The bill modifies the Administrative Procedure Act, which was passed in 1946, and represented a compromise between New Deal Democrats and free-market Republicans. It sanctioned the power of government agencies like the National Labor Relations Board or the Federal Communications Commission to regulate the private market, but required public hearings on proposed rulings and court suits to overturn regulations.
The Supreme Court ruled in 1984 that the courts could only overturn rulings that were “arbitrary and capricious, an abuse of discretion.” In other words, the courts would have to defer to the regulatory agencies in finding whether a ruling was justified. But the Republicans in the House passed a law that would allow the courts to rule without giving deference to the regulatory agencies. A Republican court could, for instance, overrule decisions of the Food and Drug Administration or the Environmental Protection Agency on concocted Constitutional grounds – say, by arguing that it violated the “takings” clause of the Constitution. That could cripple the regulatory agencies.
Martin Lobel, a Washington lawyer and expert in tax and regulatory policy, sent me an email explaining the Republican action:
On January 11, while everyone’s attention was focused on confirmation hearings and attempts to repeal Obamacare, the House passed The Regulatory Accountability Act of 2017 (H.R. 5) which would amend the Administrative Procedures Act to overturn the deference courts have given to administrative agency decisions by a vote of 238-183. I was told the Republican leadership was confident, since there are 114 judicial vacancies that they expect will be filled by “conservatives,” this change will significantly help to end “big government,” as will the new Administration’s appointees to the various regulatory bodies. BEWARE.
Marty’s admonition, “Beware,” should be taken very seriously. If the Senate passes this act, and President Trump signs it, federal agencies entrusted with enforcing the Clean Air Act or other landmark legislation, will no longer be able to do their job.

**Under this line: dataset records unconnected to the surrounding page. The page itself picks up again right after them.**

(* Let $(\mathcal{A},\mathcal{E})$ be a finite, essentially small exact category. Then: (GR4) for all $X,Y\in\mathrm{ind}\mathcal{A}$, $\mu_\mathcal{E}(X)\lll\mu_\mathcal{E}(Y)$ or $\mu_\mathcal{E}(Y)\lll\mu_\mathcal{E}(X)$; (GR5) for every $n\in\mathbb{N}$ the set $\{\mu_\mathcal{E}(X) : X\in\mathrm{ind}\mathcal{A},\ l_\mathcal{E}(X)\le n\}$ is finite; (GR6) $X\in\mathrm{ind}\mathcal{A}$ is $\mathcal{E}$-simple if and only if $\mu_\mathcal{E}(X)\lll\mu_\mathcal{E}(Y)$ for all $Y\in\mathrm{ind}\mathcal{A}$.
   Context: $(\mathcal{A},\mathcal{E})$ is a Quillen exact category; admissible monics are morphisms $i$ with $(i,d)\in\mathcal{E}$ for some $d$. $X\subsetneq_\mathcal{E}Y$ means there is an admissible monic $X\to Y$ that is not an isomorphism. A nonzero object $S$ is $\mathcal{E}$-simple if every object $A$ admitting an admissible monic $A\to S$ is zero or isomorphic to $S$. The $\mathcal{E}$-length $l_\mathcal{E}(X)$ is the supremum of all $n$ such that there is a chain $0=X_0\to\cdots\to X_n=X$ of admissible monics none of which is an isomorphism; $(\mathcal{A},\mathcal{E})$ is finite if $l_\mathcal{E}(X)<\infty$ for all $X$. $\mathrm{ind}\mathcal{A}$ is the set of isomorphism classes of indecomposable objects. $\mathfrak{S}(\mathbb{N})$ is the set of finite nonempty sequences of natural numbers, totally ordered by: $x\lll y$ iff $x=y$, or $x$ is a proper prefix of $y$, or at the first index $i$ where $x_i\neq y_i$ (both defined) one has $x_i>y_i$. For indecomposable $X$, $\mu_\mathcal{E}(X)$ is the $\lll$-maximum of $(l_\mathcal{E}(X_1),\dots,l_\mathcal{E}(X_n))$ over all chains $X_1\subsetneq_\mathcal{E}\cdots\subsetneq_\mathcal{E}X_n=X$ ($n\ge1$) with all $X_i$ indecomposable. *)

theory Defs
  imports Main "HOL-Library.Extended_Nat"
begin

text \<open>Objects have type 'o, morphisms type 'm.  cmp g f is the composite g after f.
  The preadditive structure (addition, zero, negation of morphisms) is part of the data.\<close>

record ('o,'m) addcat =
  Obj  :: "'o set"
  Hom  :: "'o \<Rightarrow> 'o \<Rightarrow> 'm set"
  cmp  :: "'m \<Rightarrow> 'm \<Rightarrow> 'm"
  idm  :: "'o \<Rightarrow> 'm"
  padd :: "'m \<Rightarrow> 'm \<Rightarrow> 'm"
  pzero :: "'o \<Rightarrow> 'o \<Rightarrow> 'm"
  pneg :: "'m \<Rightarrow> 'm"

definition is_category :: "('o,'m) addcat \<Rightarrow> bool" where
  "is_category C \<longleftrightarrow>
     (\<forall>X\<in>Obj C. idm C X \<in> Hom C X X) \<and>
     (\<forall>X\<in>Obj C. \<forall>Y\<in>Obj C. \<forall>Z\<in>Obj C. \<forall>f\<in>Hom C X Y. \<forall>g\<in>Hom C Y Z. cmp C g f \<in> Hom C X Z) \<and>
     (\<forall>W\<in>Obj C. \<forall>X\<in>Obj C. \<forall>Y\<in>Obj C. \<forall>Z\<in>Obj C.
        \<forall>f\<in>Hom C W X. \<forall>g\<in>Hom C X Y. \<forall>h\<in>Hom C Y Z.
          cmp C h (cmp C g f) = cmp C (cmp C h g) f) \<and>
     (\<forall>X\<in>Obj C. \<forall>Y\<in>Obj C. \<forall>f\<in>Hom C X Y.
          cmp C f (idm C X) = f \<and> cmp C (idm C Y) f = f)"

definition is_preadditive :: "('o,'m) addcat \<Rightarrow> bool" where
  "is_preadditive C \<longleftrightarrow> is_category C \<and>
     (\<forall>X\<in>Obj C. \<forall>Y\<in>Obj C.
        pzero C X Y \<in> Hom C X Y \<and>
        (\<forall>f\<in>Hom C X Y. \<forall>g\<in>Hom C X Y. padd C f g \<in> Hom C X Y) \<and>
        (\<forall>f\<in>Hom C X Y. pneg C f \<in> Hom C X Y) \<and>
        (\<forall>f\<in>Hom C X Y. \<forall>g\<in>Hom C X Y. \<forall>h\<in>Hom C X Y.
            padd C (padd C f g) h = padd C f (padd C g h)) \<and>
        (\<forall>f\<in>Hom C X Y. \<forall>g\<in>Hom C X Y. padd C f g = padd C g f) \<and>
        (\<forall>f\<in>Hom C X Y. padd C f (pzero C X Y) = f) \<and>
        (\<forall>f\<in>Hom C X Y. padd C f (pneg C f) = pzero C X Y)) \<and>
     (\<forall>X\<in>Obj C. \<forall>Y\<in>Obj C. \<forall>Z\<in>Obj C.
        (\<forall>f\<in>Hom C X Y. \<forall>g\<in>Hom C Y Z. \<forall>g'\<in>Hom C Y Z.
            cmp C (padd C g g') f = padd C (cmp C g f) (cmp C g' f)) \<and>
        (\<forall>f\<in>Hom C X Y. \<forall>f'\<in>Hom C X Y. \<forall>g\<in>Hom C Y Z.
            cmp C g (padd C f f') = padd C (cmp C g f) (cmp C g f')))"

Update: We’ve gotten two interesting responses to my analysis of the Regulatory Accountability Act that House Republicans passed this week. Reader DP agrees with the “overall thrust of the article,” but says that I didn’t explain well how the courts could now overturn agency rulings. NP says that what is at issue is not whether the court can introduce Constitutional considerations, but whether it must accept an agency’s ruling on the basis of whether its decision-making process is “rational,” or whether it can substitute a new process of its own. NP writes,
Under the current deferential APA standards, such determinations are to be affirmed if they are rational or reasonable — the court is not empowered to decide what decision or approach is best, only whether the agency was rational. If such deference is removed by Congress, the court can then “substitute its own judgment” for that of the agency. That would be a big deal, a big change.
Reader DB doesn’t accept the thrust of my article and accuses me of echoing “what comes out of Trump’s mouth.” DB says he says agencies on behalf of public interest groups that want to enforce, say, the Endangered Species Act. He says the Republican law would make it “potentially easier for citizens to enforce these laws.”
If one sees the regulatory agencies as the problem, and if most of the suits brought against them were by public interest organizations, then DB would have a point. But what the law – passed by a party-line Republican vote – would do is to make it easer for businesses and their lobbies like the Competitive Enterprise Institute (a leading backer of the legislation) to overturn applications of major legislation like the Clean Air Act. That’s why Public Citizen and all but five Democrats opposed the law. Thanks to both NP and DB for their responses.